**Work to be completed**. A stretch of the entries below is to be set down exactly, running from the line with "1) \<kappa> 0" through the line with "using free_res_cycle_is_boundary[OF G, of", both included, and no other line.

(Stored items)
lemma cone_boundary_in_base_is_cycle:
  fixes dF dG phi :: "nat \<Rightarrow> 'k::comm_ring_1 mat"
  assumes C: "free_res n I (cone_rank bF bG) (cone_diff bF dF bG dG phi)"
    and "bG 0 = 1" "bF 0 = 1" "\<kappa> \<in> vecs n (bG 1)" "\<tau> \<in> vecs n (cone_rank bF bG 2)"
    and "mat_apply (cone_diff bF dF bG dG phi 2) (cone_rank bF bG 1) (cone_rank bF bG 2) \<tau> = \<kappa>"
  shows "mat_apply (dG 1) (bG 0) (bG 1) \<kappa> = (\<lambda>_. 0)"
proof -
  have "mat_apply (cone_diff bF dF bG dG phi 1) (cone_rank bF bG 0) (cone_rank bF bG 1) \<kappa> = (\<lambda>_. 0)"
    using free_res_boundary_is_cycle[OF C _ assms(5)[unfolded numeral_2_eq_2]] assms(6)
    by (simp add: numeral_2_eq_2)
  moreover have "mat_apply (cone_diff bF dF bG dG phi 1) (cone_rank bF bG 0) (cone_rank bF bG 1) \<kappa> 0 =
      (\<Sum>l<bG 1. dG 1 0 l * \<kappa> l) + phi 0 0 0 * \<kappa> (bG 1)"
    unfolding mat_apply_cone_diff_1[where bG = bG and bF = bF, OF assms(2,3)] by simp
  ultimately have "(\<Sum>l<bG 1. dG 1 0 l * \<kappa> l) = 0"
    using assms(4) by (simp add: vecs_def)
  then show ?thesis
    using assms(2) by (simp add: fun_eq_iff mat_apply_def)
qed

lemma cone_boundary_lifts_to_base:
  fixes dF dG phi :: "nat \<Rightarrow> 'k::comm_ring_1 mat"
  assumes G: "free_res n J bG dG"
    and C: "min_free_res n I (cone_rank bF bG) (cone_diff bF dF bG dG phi)"
    and "bF 0 = 1" "\<kappa> \<in> vecs n (bG 1)"
    and \<tau>: "\<tau> \<in> vecs n (cone_rank bF bG 2)" "\<And>j. Poly_Mapping.lookup (\<tau> j) 0 = 0"
      "mat_apply (cone_diff bF dF bG dG phi 2) (cone_rank bF bG 1) (cone_rank bF bG 2) \<tau> = \<kappa>"
  obtains \<gamma> where "\<gamma> \<in> vecs n (bG 2)" "\<And>j. Poly_Mapping.lookup (\<gamma> j) 0 = 0"
    "mat_apply (dG 2) (bG 1) (bG 2) \<gamma> = \<kappa>"
proof -
  have C': "free_res n I (cone_rank bF bG) (cone_diff bF dF bG dG phi)"
    using C by (simp add: min_free_res_def)
  have "mat_apply (dG 1) (bG 0) (bG 1) \<kappa> = (\<lambda>_. 0)"
    using cone_boundary_in_base_is_cycle[OF C' free_res_rank_0[OF G] assms(3,4) \<tau>(1,3)] .
  then obtain \<gamma> where \<gamma>: "\<gamma> \<in> vecs n (bG 2)" "mat_apply (dG 2) (bG 1) (bG 2) \<gamma> = \<kappa>"
    using free_res_cycle_is_boundary[OF G, of 1 \<kappa>] assms(4) by (auto simp: numeral_2_eq_2)
  define \<delta> where "\<delta> = (\<lambda>j. \<gamma> j - \<tau> j)"
  have "\<gamma> \<in> vecs n (cone_rank bF bG 2)"
    using \<gamma>(1) by (rule vecs_mono) (simp add: numeral_2_eq_2)
  then have \<delta>_vec: "\<delta> \<in> vecs n (cone_rank bF bG 2)"
    unfolding \<delta>_def using \<tau>(1) by (rule vecs_diff)
  have "mat_apply (cone_diff bF dF bG dG phi 2) (cone_rank bF bG 1) (cone_rank bF bG 2) \<gamma> = \<kappa>"
    using mat_apply_cone_diff_base[of bG 1 \<gamma> bF dF dG phi] \<gamma> by (simp add: vecs_def numeral_2_eq_2)
  then have "mat_apply (cone_diff bF dF bG dG phi 2) (cone_rank bF bG 1) (cone_rank bF bG 2) \<delta> = (\<lambda>_. 0)"
    unfolding \<delta>_def mat_apply_diff \<tau>(3) by simp
  then obtain z where "\<delta> = mat_apply (cone_diff bF dF bG dG phi 3) (cone_rank bF bG 2) (cone_rank bF bG 3) z"
    using free_res_cycle_is_boundary[OF C', of 2 \<delta>] \<delta>_vec by (auto simp: numeral_3_eq_3)
  then have "Poly_Mapping.lookup (\<delta> j) 0 = 0" for j
    using min_free_res_boundary_constfree[OF C, of 3] by simp
  then have "Poly_Mapping.lookup (\<gamma> j) 0 = 0" for j
    using \<tau>(2)[of j] by (simp add: \<delta>_def lookup_minus)
  with \<gamma> that show ?thesis
    by blast
qed

lemma koszul_syzygy_not_constfree_boundary:
  fixes d :: "nat \<Rightarrow> 'k::comm_ring_1 mat"
  assumes G: "free_res n (gen_ideal n (X ` P)) r d" and "finite P" "a \<in> P" "b \<in> P"
    and "\<And>c. c \<in> P \<Longrightarrow> mdvd c a \<Longrightarrow> c = a" "\<And>c. c \<in> P \<Longrightarrow> mdvd c b \<Longrightarrow> c = b"
    and "a \<in> C" "b \<notin> C" "lcm_separated P C L" "mdvd a L" "mdvd b L"
    and \<alpha>: "(\<Sum>l<r 1. d 1 0 l * \<alpha> l) = X a" and \<beta>: "(\<Sum>l<r 1. d 1 0 l * \<beta> l) = X b"
    and \<gamma>: "\<And>j. Poly_Mapping.lookup (\<gamma> j) 0 = 0"
  shows "mat_apply (d 2) (r 1) (r 2) \<gamma> \<noteq> (\<lambda>l. X (L - a) * \<alpha> l - X (L - b) * \<beta> l)"
proof
  assume eq: "mat_apply (d 2) (r 1) (r 2) \<gamma> = (\<lambda>l. X (L - a) * \<alpha> l - X (L - b) * \<beta> l)"
  obtain Q where Q: "\<And>u. (\<Sum>l<r 1. d 1 0 l * u l) = (\<Sum>c\<in>P. X c * (\<Sum>l<r 1. Q l c * u l))"
    using gen_ideal_row_eq_sum_X[where N = "r 1" and g = "\<lambda>l. d 1 0 l",
        OF free_res_first_diff_in_ideal[OF G] assms(2)] by blast
  define \<Lambda> where "\<Lambda> u = Poly_Mapping.lookup (\<Sum>c\<in>P \<inter> C. X c * (\<Sum>l<r 1. Q l c * u l)) L" for u
  have "\<Lambda> (mat_apply (d 2) (r 1) (r 2) \<gamma>) = 0"
  proof -
    have "(\<Sum>l<r 1. Q l c * mat_apply (d 2) (r 1) (r 2) \<gamma> l) =
        (\<Sum>j<r 2. \<gamma> j * (\<Sum>l<r 1. Q l c * d 2 l j))" for c
    proof -
      have "(\<Sum>l<r 1. Q l c * mat_apply (d 2) (r 1) (r 2) \<gamma> l) =
          (\<Sum>l<r 1. \<Sum>j<r 2. \<gamma> j * (Q l c * d 2 l j))"
        by (simp add: mat_apply_def sum_distrib_left mult_ac)
      also have "\<dots> = (\<Sum>j<r 2. \<gamma> j * (\<Sum>l<r 1. Q l c * d 2 l j))"
        by (subst sum.swap) (simp add: sum_distrib_left)
      finally show ?thesis .
    qed
    moreover have "(\<Sum>c\<in>P. X c * (\<Sum>l<r 1. Q l c * d 2 l j)) = 0" if "j < r 2" for j
      using Q[of "\<lambda>l. d 2 l j"] free_res_columns_are_syzygies[OF G that] by simp
    ultimately show ?thesis
      unfolding \<Lambda>_def using assms(2,9) \<gamma> by (simp add: lookup_separated_sum_of_syzygies)
  qed
  moreover have "\<Lambda> (\<lambda>l. X (L - a) * \<alpha> l - X (L - b) * \<beta> l) = 1"
  proof -
    have "(\<Sum>l<r 1. Q l c * (X (L - a) * \<alpha> l - X (L - b) * \<beta> l)) =
        X (L - a) * (\<Sum>l<r 1. Q l c * \<alpha> l) - X (L - b) * (\<Sum>l<r 1. Q l c * \<beta> l)" for c
      by (simp add: sum_distrib_left right_diff_distrib sum_subtractf mult.left_commute)
    then show ?thesis
      unfolding \<Lambda>_def using lookup_separated_sum_koszul[OF assms(2-8,10,11)] Q \<alpha> \<beta> by simp
  qed
  ultimately show False
    using eq by simp
qed

lemma mapping_cone_not_min_free_res:
  fixes dF dG phi :: "nat \<Rightarrow> 'k::comm_ring_1 mat"
  assumes F: "min_free_res n (colon n (gen_ideal n (X ` P)) (X f)) bF dF"
    and G: "min_free_res n (gen_ideal n (X ` P)) bG dG"
    and phi: "lifts_mult n (X f) bF dF bG dG phi"
    and "finite P" "a \<in> P" "b \<in> P"
    and "\<And>c. c \<in> P \<Longrightarrow> mdvd c a \<Longrightarrow> c = a" "\<And>c. c \<in> P \<Longrightarrow> mdvd c b \<Longrightarrow> c = b"
    and "a \<in> C" "b \<notin> C" "lcm_separated P C (mlcm a b)"
    and "monom_in n a" "monom_in n b"
    and "mdvd f (mlcm a b)" "mlcm a f \<noteq> mlcm a b" "mlcm b f \<noteq> mlcm a b"
  shows "\<not> min_free_res n I (cone_rank bF bG) (cone_diff bF dF bG dG phi)"
proof
  assume C: "min_free_res n I (cone_rank bF bG) (cone_diff bF dF bG dG phi)"
  define L where "L = mlcm a b"
  have G': "free_res n (gen_ideal n (X ` P)) bG dG"
    using G by (simp add: min_free_res_def)
  have "bF 0 = 1" "phi 0 0 0 = X f"
    using F phi by (simp_all add: min_free_res_def free_res_def lifts_mult_def)
  obtain \<alpha> where \<alpha>: "\<alpha> \<in> vecs n (bG 1)" "(\<Sum>l<bG 1. dG 1 0 l * \<alpha> l) = X a"
    by (rule free_res_generator_preimage[OF G' assms(5)])
  obtain \<beta> where \<beta>: "\<beta> \<in> vecs n (bG 1)" "(\<Sum>l<bG 1. dG 1 0 l * \<beta> l) = X b"
    by (rule free_res_generator_preimage[OF G' assms(6)])
  have C': "free_res n I (cone_rank bF bG) (cone_diff bF dF bG dG phi)"
    using C by (simp add: min_free_res_def)
  have L: "mdvd a L" "mdvd b L" "mdvd f L" "monom_in n L"
    using assms(12-14) by (simp_all add: L_def monom_in_mlcm)
  have Ma_ne_L: "mlcm a f \<noteq> L" and Mb_ne_L: "mlcm b f \<noteq> L"
    using assms(15,16) by (simp_all add: L_def)
  obtain \<tau> where \<tau>: "\<tau> \<in> vecs n (cone_rank bF bG 2)" "\<And>j. Poly_Mapping.lookup (\<tau> j) 0 = 0"
    "mat_apply (cone_diff bF dF bG dG phi 2) (cone_rank bF bG 1) (cone_rank bF bG 2) \<tau> =
       (\<lambda>j. X (L - a) * \<alpha> j - X (L - b) * \<beta> j)"
    by (rule cone_koszul_syzygy_is_constfree_boundary[OF C' free_res_rank_0[OF G']
          \<open>bF 0 = 1\<close> \<open>phi 0 0 0 = X f\<close> \<alpha> \<beta> mdvd_mlcm1 mdvd_mlcm2 mlcm_least[OF L(1,3)] Ma_ne_L
          mdvd_mlcm1 mdvd_mlcm2 mlcm_least[OF L(2,3)] Mb_ne_L L(4)]) blast
  have \<kappa>: "(\<lambda>j. X (L - a) * \<alpha> j - X (L - b) * \<beta> j) \<in> vecs n (bG 1)"
    using \<alpha>(1) \<beta>(1) assms(12,13)
    by (intro vecs_diff vecs_X_mult monom_in_diff) (simp_all add: L_def monom_in_mlcm)
  obtain \<gamma> where \<gamma>: "\<And>j. Poly_Mapping.lookup (\<gamma> j) 0 = 0"
      "mat_apply (dG 2) (bG 1) (bG 2) \<gamma> = (\<lambda>j. X (L - a) * \<alpha> j - X (L - b) * \<beta> j)"
    by (rule cone_boundary_lifts_to_base[OF G' C \<open>bF 0 = 1\<close> \<kappa> \<tau>]) blast
  have "mat_apply (dG 2) (bG 1) (bG 2) \<gamma> \<noteq> (\<lambda>j. X (L - a) * \<alpha> j - X (L - b) * \<beta> j)"
    by (rule koszul_syzygy_not_constfree_boundary[OF G' assms(4-10) assms(11)[folded L_def] L(1,2)
          \<alpha>(2) \<beta>(2) \<gamma>(1)])
  with \<gamma>(2) show False
    by contradiction
qed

**Written reply**.
  moreover have "mat_apply (cone_diff bF dF bG dG phi 1) (cone_rank bF bG 0) (cone_rank bF bG 1) \<kappa> 0 =
      (\<Sum>l<bG 1. dG 1 0 l * \<kappa> l) + phi 0 0 0 * \<kappa> (bG 1)"
    unfolding mat_apply_cone_diff_1[where bG = bG and bF = bF, OF assms(2,3)] by simp
  ultimately have "(\<Sum>l<bG 1. dG 1 0 l * \<kappa> l) = 0"
    using assms(4) by (simp add: vecs_def)
  then show ?thesis
    using assms(2) by (simp add: fun_eq_iff mat_apply_def)
qed

lemma cone_boundary_lifts_to_base:
  fixes dF dG phi :: "nat \<Rightarrow> 'k::comm_ring_1 mat"
  assumes G: "free_res n J bG dG"
    and C: "min_free_res n I (cone_rank bF bG) (cone_diff bF dF bG dG phi)"
    and "bF 0 = 1" "\<kappa> \<in> vecs n (bG 1)"
    and \<tau>: "\<tau> \<in> vecs n (cone_rank bF bG 2)" "\<And>j. Poly_Mapping.lookup (\<tau> j) 0 = 0"
      "mat_apply (cone_diff bF dF bG dG phi 2) (cone_rank bF bG 1) (cone_rank bF bG 2) \<tau> = \<kappa>"
  obtains \<gamma> where "\<gamma> \<in> vecs n (bG 2)" "\<And>j. Poly_Mapping.lookup (\<gamma> j) 0 = 0"
    "mat_apply (dG 2) (bG 1) (bG 2) \<gamma> = \<kappa>"
proof -
  have C': "free_res n I (cone_rank bF bG) (cone_diff bF dF bG dG phi)"
    using C by (simp add: min_free_res_def)
  have "mat_apply (dG 1) (bG 0) (bG 1) \<kappa> = (\<lambda>_. 0)"
    using cone_boundary_in_base_is_cycle[OF C' free_res_rank_0[OF G] assms(3,4) \<tau>(1,3)] .
  then obtain \<gamma> where \<gamma>: "\<gamma> \<in> vecs n (bG 2)" "mat_apply (dG 2) (bG 1) (bG 2) \<gamma> = \<kappa>"
    using free_res_cycle_is_boundary[OF G, of 1 \<kappa>] assms(4) by (auto simp: numeral_2_eq_2)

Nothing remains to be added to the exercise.